Kadınların daha uzun yaşamasında biyolojik farklılıklar büyük rol oynuyor. Araştırmalara göre kadınların bağışıklık sistemleri erkeklere kıyasla daha güçlü çalışıyor. Östrojen hormonu, kadınların vücudunu birçok hastalığa karşı daha dirençli hale getiriyor.

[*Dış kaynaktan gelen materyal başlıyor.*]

text \<open>Superhomogeneity passes to the composition \<alpha> \<circ> \<theta>; this is what makes the tail bound
  below beat the exponential weight in the final integral.\<close>
lemma comp_superhomogeneous:
  fixes \<alpha> \<theta> :: "real \<Rightarrow> real"
  assumes \<alpha>_convex: "convex_on {0..} \<alpha>" and \<alpha>_mono: "strict_mono_on {0..} \<alpha>"
    and \<alpha>_bij: "bij_betw \<alpha> {0..} {0..}"
    and \<theta>_convex: "convex_on {0..} \<theta>" and \<theta>_mono: "strict_mono_on {0..} \<theta>"
    and \<theta>_bij: "bij_betw \<theta> {0..} {0..}"
    and t: "0 \<le> t" and c: "1 \<le> c"
  shows "c * \<alpha> (\<theta> t) \<le> \<alpha> (\<theta> (c * t))"
proof -
  have \<theta>0: "\<theta> 0 = 0" and \<alpha>0: "\<alpha> 0 = 0"
    using strict_mono_bij_zero \<alpha>_mono \<alpha>_bij \<theta>_mono \<theta>_bij by blast+
  have \<theta>t: "0 \<le> \<theta> t" using \<theta>_bij t by (auto simp: bij_betw_def)
  have "c * \<alpha> (\<theta> t) \<le> \<alpha> (c * \<theta> t)"
    by (rule convex_on_superhomogeneous[OF \<alpha>_convex \<alpha>0 \<theta>t c])
  also have "\<dots> \<le> \<alpha> (\<theta> (c * t))"
  proof (rule strict_mono_on_leD[OF \<alpha>_mono])
    show "c * \<theta> t \<le> \<theta> (c * t)" by (rule convex_on_superhomogeneous[OF \<theta>_convex \<theta>0 t c])
    show "c * \<theta> t \<in> {0..}" using c \<theta>t by simp
    then show "\<theta> (c * t) \<in> {0..}" using \<open>c * \<theta> t \<le> \<theta> (c * t)\<close> by simp
  qed
  finally show ?thesis .
qed

lemma metric_nonneg: "is_metric d \<Longrightarrow> 0 \<le> d x y"
  unfolding is_metric_def by (metis add_le_same_cancel1 mult_2 zero_le_double_add_iff_zero_le_single_add)

lemma lsc_borel_measurable:
  fixes f :: "'b::topological_space \<Rightarrow> real"
  shows "lsc f \<Longrightarrow> f \<in> borel_measurable borel"
  unfolding borel_measurable_iff_greater lsc_def by auto

lemma distance_to_point_measurable:
  fixes d :: "'a::topological_space \<Rightarrow> 'a \<Rightarrow> real"
  assumes "lsc (\<lambda>z::'a \<times> 'a. d (fst z) (snd z))"
  shows "(\<lambda>x. d x xo) \<in> borel_measurable borel"
proof -
  have "(\<lambda>x::'a. (x, xo)) \<in> borel_measurable borel"
    by (intro borel_measurable_continuous_onI continuous_intros)
  from measurable_compose[OF this lsc_borel_measurable[OF assms]] show ?thesis by simp
qed

text \<open>The entropic tail inequality: testing the transport-entropy inequality against \<mu>
  conditioned on the tail B = {d(\<cdot>,xo) \<ge> R} (which must travel at least R/2 to reach the
  ball C = {d(\<cdot>,xo) < R/2}) gives \<alpha>(\<theta>(R/2) (1 - \<mu>(d \<ge> R/2))) \<le> ln (1 / \<mu>(d \<ge> R)).\<close>
lemma transport_entropy_tail:
  fixes d :: "'a::topological_space \<Rightarrow> 'a \<Rightarrow> real"
    and \<alpha> \<theta> :: "real \<Rightarrow> real"
  assumes d_metric: "is_metric d"
    and d_lsc: "lsc (\<lambda>z::'a \<times> 'a. d (fst z) (snd z))"
    and \<alpha>_mono: "strict_mono_on {0..} \<alpha>"
    and \<theta>_mono: "strict_mono_on {0..} \<theta>" and \<theta>_bij: "bij_betw \<theta> {0..} {0..}"
    and \<mu>_prob: "borel_prob \<mu>"
    and TCI: "\<And>\<nu>. borel_prob \<nu> \<Longrightarrow>
               ext_fun \<alpha> (transport_cost (\<lambda>x y. \<theta> (d x y)) \<nu> \<mu>) \<le> rel_entropy \<nu> \<mu>"
    and R: "0 \<le> R" and pos: "0 < measure \<mu> {x. R \<le> d x xo}"
  shows "\<alpha> (\<theta> (R/2) * (1 - measure \<mu> {x. R/2 \<le> d x xo})) \<le> ln (1 / measure \<mu> {x. R \<le> d x xo})"
proof -
  define B where "B = {x. R \<le> d x xo}"
  define C where "C = {x. d x xo < R/2}"
  define \<nu> where "\<nu> = uniform_measure \<mu> B"
  define L where "L = \<theta> (R/2) * (1 - measure \<mu> (- C))"
  have P: "prob_space \<mu>" and sets\<mu>: "sets \<mu> = sets borel"
    using \<mu>_prob by (auto simp: borel_prob_def)
  have Dm: "(\<lambda>x. d x xo) \<in> borel_measurable borel"
    by (rule distance_to_point_measurable[OF d_lsc])
  have B: "B \<in> sets borel" and C: "C \<in> sets borel"
    using measurable_sets[OF Dm, of "{R..}"] measurable_sets[OF Dm, of "{..<R/2}"]
    by (auto simp: B_def C_def vimage_def)
  have entropy: "rel_entropy \<nu> \<mu> \<le> ereal (ln (1 / measure \<mu> B))"
    unfolding \<nu>_def by (rule rel_entropy_uniform_measure_le[OF P]) (use B sets\<mu> pos B_def in auto)
  have "emeasure \<mu> B \<noteq> 0" "emeasure \<mu> B \<noteq> \<infinity>"
    using pos by (auto simp: B_def measure_def)
  then have \<nu>_prob: "borel_prob \<nu>"
    using prob_space_uniform_measure sets\<mu> unfolding \<nu>_def borel_prob_def by auto
  have \<theta>R: "0 \<le> \<theta> (R/2)" using \<theta>_bij R by (auto simp: bij_betw_def)
  txt \<open>Any coupling must move the mass of B (where \<nu> lives) into C (where \<mu> mostly lives),
    and points of B and C are at distance at least R/2 by the triangle inequality.\<close>
  have transport: "ennreal L \<le> transport_cost (\<lambda>x y. \<theta> (d x y)) \<nu> \<mu>"
    unfolding L_def
  proof (rule transport_cost_ge_separated_mass[OF B C _ \<theta>R])
    show "emeasure \<nu> (- B) = 0" unfolding \<nu>_def using B sets\<mu> by (subst emeasure_uniform_measure) auto
    fix x y assume "x \<in> B" "y \<in> C"
    moreover have "d x xo \<le> d x y + d y xo" using d_metric unfolding is_metric_def by blast
    ultimately have "R/2 \<le> d x y" unfolding B_def C_def by auto
    then show "\<theta> (R/2) \<le> \<theta> (d x y)" using R by (intro strict_mono_on_leD[OF \<theta>_mono]) auto
  qed
  define T where "T = transport_cost (\<lambda>x y. \<theta> (d x y)) \<nu> \<mu>"
  have ext: "ext_fun \<alpha> T \<le> ereal (ln (1 / measure \<mu> B))"
    using TCI[OF \<nu>_prob] entropy unfolding T_def by (rule order_trans)
  then have T_fin: "T \<noteq> \<top>" by (auto simp: ext_fun_def)
  with ext have \<alpha>T: "\<alpha> (enn2real T) \<le> ln (1 / measure \<mu> B)" by (simp add: ext_fun_def)
  have "0 \<le> L" unfolding L_def using \<theta>R prob_space.prob_le_1[OF P] by simp
  moreover have "L \<le> enn2real T"
    using enn2real_mono[OF transport[folded T_def]] T_fin \<open>0 \<le> L\<close> by (simp add: top.not_eq_extremum)
  ultimately have "\<alpha> L \<le> \<alpha> (enn2real T)" by (intro strict_mono_on_leD[OF \<alpha>_mono]) auto
  moreover have "- C = {x. R/2 \<le> d x xo}" unfolding C_def by auto
  ultimately show ?thesis using \<alpha>T unfolding L_def B_def by simp
qed

text \<open>Once \<mu>(d(\<cdot>,xo) \<ge> R1) \<le> 1/2, the tails decay like exp (- \<alpha>(\<theta>(R/4))) for R \<ge> 2 R1,
  using \<theta>(R/4) \<le> \<theta>(R/2)/2.\<close>
lemma tail_decay:
  fixes d :: "'a::topological_space \<Rightarrow> 'a \<Rightarrow> real"
    and \<alpha> \<theta> :: "real \<Rightarrow> real"
  assumes d_metric: "is_metric d"
    and d_lsc: "lsc (\<lambda>z::'a \<times> 'a. d (fst z) (snd z))"
    and \<alpha>_mono: "strict_mono_on {0..} \<alpha>"
    and \<theta>_convex: "convex_on {0..} \<theta>" and \<theta>_mono: "strict_mono_on {0..} \<theta>"
    and \<theta>_bij: "bij_betw \<theta> {0..} {0..}"
    and \<mu>_prob: "borel_prob \<mu>"
    and TCI: "\<And>\<nu>. borel_prob \<nu> \<Longrightarrow>
               ext_fun \<alpha> (transport_cost (\<lambda>x y. \<theta> (d x y)) \<nu> \<mu>) \<le> rel_entropy \<nu> \<mu>"
    and half: "measure \<mu> {x. R1 \<le> d x xo} \<le> 1/2"
    and R1: "0 \<le> R1" and R: "2 * R1 \<le> R"
  shows "measure \<mu> {x. R \<le> d x xo} \<le> exp (- \<alpha> (\<theta> (R/4)))"
proof (cases "measure \<mu> {x. R \<le> d x xo} = 0")
  case True
  then show ?thesis by simp
next
  case False
  define q where "q t = measure \<mu> {x. t \<le> d x xo}" for t
  have P: "prob_space \<mu>" and sets\<mu>: "sets \<mu> = sets borel"
    using \<mu>_prob by (auto simp: borel_prob_def)
  interpret P: prob_space \<mu> by (fact P)
  have qpos: "0 < q R" using False by (simp add: q_def zero_less_measure_iff)
  have "{x. t \<le> d x xo} \<in> sets \<mu>" for t
    using measurable_sets[OF distance_to_point_measurable[OF d_lsc], of "{t..}" xo] sets\<mu>
    by (simp add: vimage_def)
  then have "q (R/2) \<le> q R1" unfolding q_def
    using R by (intro P.finite_measure_mono) auto
  then have q_half: "1/2 \<le> 1 - q (R/2)" using half by (simp add: q_def)
  have \<theta>0: "\<theta> 0 = 0" by (rule strict_mono_bij_zero[OF \<theta>_mono \<theta>_bij])
  have \<theta>_nonneg: "0 \<le> t \<Longrightarrow> 0 \<le> \<theta> t" for t using \<theta>_bij by (auto simp: bij_betw_def)
  have "\<theta> (R/4) \<le> 1/2 * \<theta> (R/2)"
    using convex_on_scale_le[OF \<theta>_convex \<theta>0, of "R/2" "1/2"] R R1 by simp
  also have "\<dots> \<le> \<theta> (R/2) * (1 - q (R/2))"
    using mult_left_mono[OF q_half \<theta>_nonneg[of "R/2"]] R R1 by (simp add: mult.commute)
  finally have "\<alpha> (\<theta> (R/4)) \<le> \<alpha> (\<theta> (R/2) * (1 - q (R/2)))"
    using \<theta>_nonneg[of "R/4"] R R1 by (intro strict_mono_on_leD[OF \<alpha>_mono]) auto
  also have "\<dots> \<le> ln (1 / q R)" unfolding q_def
    by (rule transport_entropy_tail[OF d_metric d_lsc \<alpha>_mono \<theta>_mono \<theta>_bij \<mu>_prob TCI])
       (use R R1 qpos q_def in auto)
  also have "\<dots> = - ln (q R)" using qpos by (simp add: ln_div)
  finally have "ln (q R) \<le> - \<alpha> (\<theta> (R/4))" by simp
  then show ?thesis using qpos unfolding q_def by (metis exp_le_cancel_iff exp_ln)
qed

text \<open>Tails of a real random variable become arbitrarily small (continuity from above).\<close>
lemma tail_eventually_small:
  fixes D :: "'a \<Rightarrow> real"
  assumes P: "prob_space M" and D: "D \<in> borel_measurable M" and e: "0 < e"
  shows "\<exists>R\<ge>0. measure M {x \<in> space M. R \<le> D x} < e"
proof -
  interpret P: prob_space M by (fact P)
  define A where "A i = {x \<in> space M. real i \<le> D x}" for i :: nat
  have "A i \<in> sets M" for i unfolding A_def using D by measurable
  then have A_sets: "range A \<subseteq> sets M" by auto
  have "\<Inter> (range A) = {}"
  proof -
    have "x \<notin> A (nat (ceiling (D x + 1)))" for x
      using real_nat_ceiling_ge[of "D x + 1"] unfolding A_def by auto
    then show ?thesis by auto
  qed
  moreover have "(\<lambda>i. measure M (A i)) \<longlonglongrightarrow> measure M (\<Inter> (range A))"
    by (rule P.finite_Lim_measure_decseq) (use A_sets in \<open>auto simp: A_def monotone_on_def\<close>)
  ultimately have "(\<lambda>i. measure M (A i)) \<longlonglongrightarrow> 0" by simp
  then have "eventually (\<lambda>i. measure M (A i) < e) sequentially"
    by (rule order_tendstoD) (rule e)
  then obtain i where "measure M (A i) < e" by (auto simp: eventually_sequentially)
  then show ?thesis unfolding A_def by (intro exI[of _ "real i"]) auto
qed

Ayrıca kadınların hücre yapılarında DNA onarım mekanizmalarının daha etkin olması, yaşlanma sürecini yavaşlatan önemli bir etken olarak gösteriliyor.
Erkeklerin yaşam süresini kısaltan en önemli nedenlerden biri ise kalp ve damar hastalıkları. Erkeklerde testosteron hormonunun etkisiyle damar tıkanıklığı ve kalp krizi riski kadınlara oranla daha yüksek. Kadınlar ise özellikle menopoz öncesi dönemde kalp-damar hastalıklarına karşı östrojenin koruyucu etkisinden yararlanıyor. Bu durum, yaşam süresinde gözlemlenen farkın önemli bir nedeni olarak öne çıkıyor.
Davranışsal faktörler de yaşam süresi farkında belirleyici. Erkekler, riskli davranışlara daha fazla eğilim gösteriyor. Sigara ve alkol tüketimi, trafik kazaları ve tehlikeli işlerde çalışma oranı erkeklerde daha yüksek. Kadınlar ise genellikle daha sağlıklı yaşam alışkanlıkları benimseyerek, beslenme ve düzenli kontroller konusunda daha özenli davranıyor.
Psikolojik açıdan bakıldığında kadınların sosyal bağlarının daha güçlü olduğu da dikkat çekiyor. Yapılan çalışmalar, sosyal ilişkilerin ve duygusal paylaşımın uzun yaşamla doğrudan bağlantılı olduğunu ortaya koyuyor. Kadınların aile ve arkadaş çevresine olan bağlılıkları, stresle daha sağlıklı başa çıkmalarına yardımcı oluyor.
Tüm bu biyolojik, davranışsal ve sosyal nedenler birleştiğinde kadınların erkeklerden daha uzun yaşaması şaşırtıcı bir sonuç olmaktan çıkıyor. Ancak uzmanlar, erkeklerin de sağlıklı beslenme, düzenli egzersiz ve sigara-alkol gibi zararlı alışkanlıklardan uzak durarak bu farkı azaltabileceğini belirtiyor.